## About this task
All records shown below should be given again, character for character.

────

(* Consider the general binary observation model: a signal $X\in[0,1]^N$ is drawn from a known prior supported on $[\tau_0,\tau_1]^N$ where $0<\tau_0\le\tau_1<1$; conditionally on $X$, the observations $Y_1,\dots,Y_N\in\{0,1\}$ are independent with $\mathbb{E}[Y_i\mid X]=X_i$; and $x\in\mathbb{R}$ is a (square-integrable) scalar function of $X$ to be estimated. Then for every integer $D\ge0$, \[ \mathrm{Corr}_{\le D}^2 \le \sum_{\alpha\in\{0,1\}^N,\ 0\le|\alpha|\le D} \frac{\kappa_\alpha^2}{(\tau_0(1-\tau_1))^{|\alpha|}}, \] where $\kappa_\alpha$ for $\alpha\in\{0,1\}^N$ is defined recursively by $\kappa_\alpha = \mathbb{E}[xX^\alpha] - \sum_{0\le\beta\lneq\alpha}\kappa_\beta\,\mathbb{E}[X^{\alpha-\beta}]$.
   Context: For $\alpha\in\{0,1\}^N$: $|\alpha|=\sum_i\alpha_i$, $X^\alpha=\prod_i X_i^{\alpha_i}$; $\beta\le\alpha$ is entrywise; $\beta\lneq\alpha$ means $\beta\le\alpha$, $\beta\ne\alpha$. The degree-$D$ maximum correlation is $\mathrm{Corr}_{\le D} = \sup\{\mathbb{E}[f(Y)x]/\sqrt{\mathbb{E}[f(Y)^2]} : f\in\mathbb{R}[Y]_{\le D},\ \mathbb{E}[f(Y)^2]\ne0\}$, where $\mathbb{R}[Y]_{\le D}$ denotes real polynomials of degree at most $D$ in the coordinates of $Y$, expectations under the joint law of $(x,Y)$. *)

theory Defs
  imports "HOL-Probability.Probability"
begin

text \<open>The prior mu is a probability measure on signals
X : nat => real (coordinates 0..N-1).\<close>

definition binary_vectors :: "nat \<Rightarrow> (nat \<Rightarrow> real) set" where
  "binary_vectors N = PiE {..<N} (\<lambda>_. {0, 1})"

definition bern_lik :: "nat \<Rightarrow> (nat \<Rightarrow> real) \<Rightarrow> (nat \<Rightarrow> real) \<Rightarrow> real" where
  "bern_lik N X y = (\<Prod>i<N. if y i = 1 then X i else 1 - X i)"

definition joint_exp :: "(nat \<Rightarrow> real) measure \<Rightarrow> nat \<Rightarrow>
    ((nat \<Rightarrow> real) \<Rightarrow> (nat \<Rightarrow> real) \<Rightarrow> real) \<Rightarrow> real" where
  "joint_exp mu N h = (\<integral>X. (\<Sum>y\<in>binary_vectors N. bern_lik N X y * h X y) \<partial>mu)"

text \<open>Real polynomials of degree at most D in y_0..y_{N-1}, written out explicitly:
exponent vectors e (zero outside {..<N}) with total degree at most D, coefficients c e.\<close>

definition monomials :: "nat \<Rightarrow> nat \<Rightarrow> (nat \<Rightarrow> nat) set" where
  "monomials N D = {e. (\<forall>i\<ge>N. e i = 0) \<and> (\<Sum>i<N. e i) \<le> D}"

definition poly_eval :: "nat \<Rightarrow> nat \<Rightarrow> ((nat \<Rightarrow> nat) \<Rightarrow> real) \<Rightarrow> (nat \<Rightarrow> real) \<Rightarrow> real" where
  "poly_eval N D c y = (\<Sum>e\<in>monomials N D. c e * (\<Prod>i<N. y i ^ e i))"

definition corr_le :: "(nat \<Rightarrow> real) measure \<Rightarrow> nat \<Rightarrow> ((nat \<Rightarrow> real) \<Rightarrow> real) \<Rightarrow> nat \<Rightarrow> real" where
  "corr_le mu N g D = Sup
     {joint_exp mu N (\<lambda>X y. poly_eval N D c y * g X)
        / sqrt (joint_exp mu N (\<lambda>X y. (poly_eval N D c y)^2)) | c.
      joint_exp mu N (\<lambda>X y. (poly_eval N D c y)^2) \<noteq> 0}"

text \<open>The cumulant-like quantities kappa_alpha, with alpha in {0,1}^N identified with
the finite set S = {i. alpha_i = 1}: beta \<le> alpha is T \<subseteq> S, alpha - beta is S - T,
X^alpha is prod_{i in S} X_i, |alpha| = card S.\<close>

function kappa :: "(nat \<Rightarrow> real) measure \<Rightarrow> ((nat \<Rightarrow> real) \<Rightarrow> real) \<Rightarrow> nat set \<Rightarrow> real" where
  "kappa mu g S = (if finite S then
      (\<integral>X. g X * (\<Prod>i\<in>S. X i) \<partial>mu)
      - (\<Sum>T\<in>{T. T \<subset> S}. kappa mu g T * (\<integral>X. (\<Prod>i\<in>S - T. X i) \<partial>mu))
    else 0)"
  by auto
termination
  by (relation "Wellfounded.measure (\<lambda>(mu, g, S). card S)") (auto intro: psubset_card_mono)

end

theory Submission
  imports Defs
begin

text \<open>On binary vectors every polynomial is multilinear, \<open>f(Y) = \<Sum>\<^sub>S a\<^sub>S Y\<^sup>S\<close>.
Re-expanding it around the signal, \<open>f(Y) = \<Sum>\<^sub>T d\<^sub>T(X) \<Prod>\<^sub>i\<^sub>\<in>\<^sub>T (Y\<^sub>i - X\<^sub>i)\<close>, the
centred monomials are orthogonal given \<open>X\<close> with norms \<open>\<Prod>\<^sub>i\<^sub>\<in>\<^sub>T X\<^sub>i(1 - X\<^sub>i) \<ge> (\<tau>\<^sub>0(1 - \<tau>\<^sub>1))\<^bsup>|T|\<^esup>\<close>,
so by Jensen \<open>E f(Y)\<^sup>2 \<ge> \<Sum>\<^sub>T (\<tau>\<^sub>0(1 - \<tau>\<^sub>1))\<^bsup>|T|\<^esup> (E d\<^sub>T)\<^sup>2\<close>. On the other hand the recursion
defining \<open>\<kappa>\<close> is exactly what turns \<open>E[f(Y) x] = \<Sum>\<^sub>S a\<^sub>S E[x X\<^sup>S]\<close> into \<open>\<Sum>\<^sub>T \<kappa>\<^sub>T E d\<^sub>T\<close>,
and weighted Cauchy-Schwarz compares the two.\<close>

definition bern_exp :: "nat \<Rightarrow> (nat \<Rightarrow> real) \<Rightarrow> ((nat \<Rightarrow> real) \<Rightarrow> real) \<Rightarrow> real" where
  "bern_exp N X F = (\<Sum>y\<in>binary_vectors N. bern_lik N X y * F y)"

────

## Result below
(* Consider the general binary observation model: a signal $X\in[0,1]^N$ is drawn from a known prior supported on $[\tau_0,\tau_1]^N$ where $0<\tau_0\le\tau_1<1$; conditionally on $X$, the observations $Y_1,\dots,Y_N\in\{0,1\}$ are independent with $\mathbb{E}[Y_i\mid X]=X_i$; and $x\in\mathbb{R}$ is a (square-integrable) scalar function of $X$ to be estimated. Then for every integer $D\ge0$, \[ \mathrm{Corr}_{\le D}^2 \le \sum_{\alpha\in\{0,1\}^N,\ 0\le|\alpha|\le D} \frac{\kappa_\alpha^2}{(\tau_0(1-\tau_1))^{|\alpha|}}, \] where $\kappa_\alpha$ for $\alpha\in\{0,1\}^N$ is defined recursively by $\kappa_\alpha = \mathbb{E}[xX^\alpha] - \sum_{0\le\beta\lneq\alpha}\kappa_\beta\,\mathbb{E}[X^{\alpha-\beta}]$.
   Context: For $\alpha\in\{0,1\}^N$: $|\alpha|=\sum_i\alpha_i$, $X^\alpha=\prod_i X_i^{\alpha_i}$; $\beta\le\alpha$ is entrywise; $\beta\lneq\alpha$ means $\beta\le\alpha$, $\beta\ne\alpha$. The degree-$D$ maximum correlation is $\mathrm{Corr}_{\le D} = \sup\{\mathbb{E}[f(Y)x]/\sqrt{\mathbb{E}[f(Y)^2]} : f\in\mathbb{R}[Y]_{\le D},\ \mathbb{E}[f(Y)^2]\ne0\}$, where $\mathbb{R}[Y]_{\le D}$ denotes real polynomials of degree at most $D$ in the coordinates of $Y$, expectations under the joint law of $(x,Y)$. *)

theory Defs
  imports "HOL-Probability.Probability"
begin

text \<open>The prior mu is a probability measure on signals
X : nat => real (coordinates 0..N-1).\<close>

definition binary_vectors :: "nat \<Rightarrow> (nat \<Rightarrow> real) set" where
  "binary_vectors N = PiE {..<N} (\<lambda>_. {0, 1})"

definition bern_lik :: "nat \<Rightarrow> (nat \<Rightarrow> real) \<Rightarrow> (nat \<Rightarrow> real) \<Rightarrow> real" where
  "bern_lik N X y = (\<Prod>i<N. if y i = 1 then X i else 1 - X i)"

definition joint_exp :: "(nat \<Rightarrow> real) measure \<Rightarrow> nat \<Rightarrow>
    ((nat \<Rightarrow> real) \<Rightarrow> (nat \<Rightarrow> real) \<Rightarrow> real) \<Rightarrow> real" where
  "joint_exp mu N h = (\<integral>X. (\<Sum>y\<in>binary_vectors N. bern_lik N X y * h X y) \<partial>mu)"

text \<open>Real polynomials of degree at most D in y_0..y_{N-1}, written out explicitly:
exponent vectors e (zero outside {..<N}) with total degree at most D, coefficients c e.\<close>

definition monomials :: "nat \<Rightarrow> nat \<Rightarrow> (nat \<Rightarrow> nat) set" where
  "monomials N D = {e. (\<forall>i\<ge>N. e i = 0) \<and> (\<Sum>i<N. e i) \<le> D}"

definition poly_eval :: "nat \<Rightarrow> nat \<Rightarrow> ((nat \<Rightarrow> nat) \<Rightarrow> real) \<Rightarrow> (nat \<Rightarrow> real) \<Rightarrow> real" where
  "poly_eval N D c y = (\<Sum>e\<in>monomials N D. c e * (\<Prod>i<N. y i ^ e i))"

definition corr_le :: "(nat \<Rightarrow> real) measure \<Rightarrow> nat \<Rightarrow> ((nat \<Rightarrow> real) \<Rightarrow> real) \<Rightarrow> nat \<Rightarrow> real" where
  "corr_le mu N g D = Sup
     {joint_exp mu N (\<lambda>X y. poly_eval N D c y * g X)
        / sqrt (joint_exp mu N (\<lambda>X y. (poly_eval N D c y)^2)) | c.
      joint_exp mu N (\<lambda>X y. (poly_eval N D c y)^2) \<noteq> 0}"

text \<open>The cumulant-like quantities kappa_alpha, with alpha in {0,1}^N identified with
the finite set S = {i. alpha_i = 1}: beta \<le> alpha is T \<subseteq> S, alpha - beta is S - T,
X^alpha is prod_{i in S} X_i, |alpha| = card S.\<close>

function kappa :: "(nat \<Rightarrow> real) measure \<Rightarrow> ((nat \<Rightarrow> real) \<Rightarrow> real) \<Rightarrow> nat set \<Rightarrow> real" where
  "kappa mu g S = (if finite S then
      (\<integral>X. g X * (\<Prod>i\<in>S. X i) \<partial>mu)
      - (\<Sum>T\<in>{T. T \<subset> S}. kappa mu g T * (\<integral>X. (\<Prod>i\<in>S - T. X i) \<partial>mu))
    else 0)"
  by auto
termination
  by (relation "Wellfounded.measure (\<lambda>(mu, g, S). card S)") (auto intro: psubset_card_mono)

end

theory Submission
  imports Defs
begin

text \<open>On binary vectors every polynomial is multilinear, \<open>f(Y) = \<Sum>\<^sub>S a\<^sub>S Y\<^sup>S\<close>.
Re-expanding it around the signal, \<open>f(Y) = \<Sum>\<^sub>T d\<^sub>T(X) \<Prod>\<^sub>i\<^sub>\<in>\<^sub>T (Y\<^sub>i - X\<^sub>i)\<close>, the
centred monomials are orthogonal given \<open>X\<close> with norms \<open>\<Prod>\<^sub>i\<^sub>\<in>\<^sub>T X\<^sub>i(1 - X\<^sub>i) \<ge> (\<tau>\<^sub>0(1 - \<tau>\<^sub>1))\<^bsup>|T|\<^esup>\<close>,
so by Jensen \<open>E f(Y)\<^sup>2 \<ge> \<Sum>\<^sub>T (\<tau>\<^sub>0(1 - \<tau>\<^sub>1))\<^bsup>|T|\<^esup> (E d\<^sub>T)\<^sup>2\<close>. On the other hand the recursion
defining \<open>\<kappa>\<close> is exactly what turns \<open>E[f(Y) x] = \<Sum>\<^sub>S a\<^sub>S E[x X\<^sup>S]\<close> into \<open>\<Sum>\<^sub>T \<kappa>\<^sub>T E d\<^sub>T\<close>,
and weighted Cauchy-Schwarz compares the two.\<close>

definition bern_exp :: "nat \<Rightarrow> (nat \<Rightarrow> real) \<Rightarrow> ((nat \<Rightarrow> real) \<Rightarrow> real) \<Rightarrow> real" where
  "bern_exp N X F = (\<Sum>y\<in>binary_vectors N. bern_lik N X y * F y)"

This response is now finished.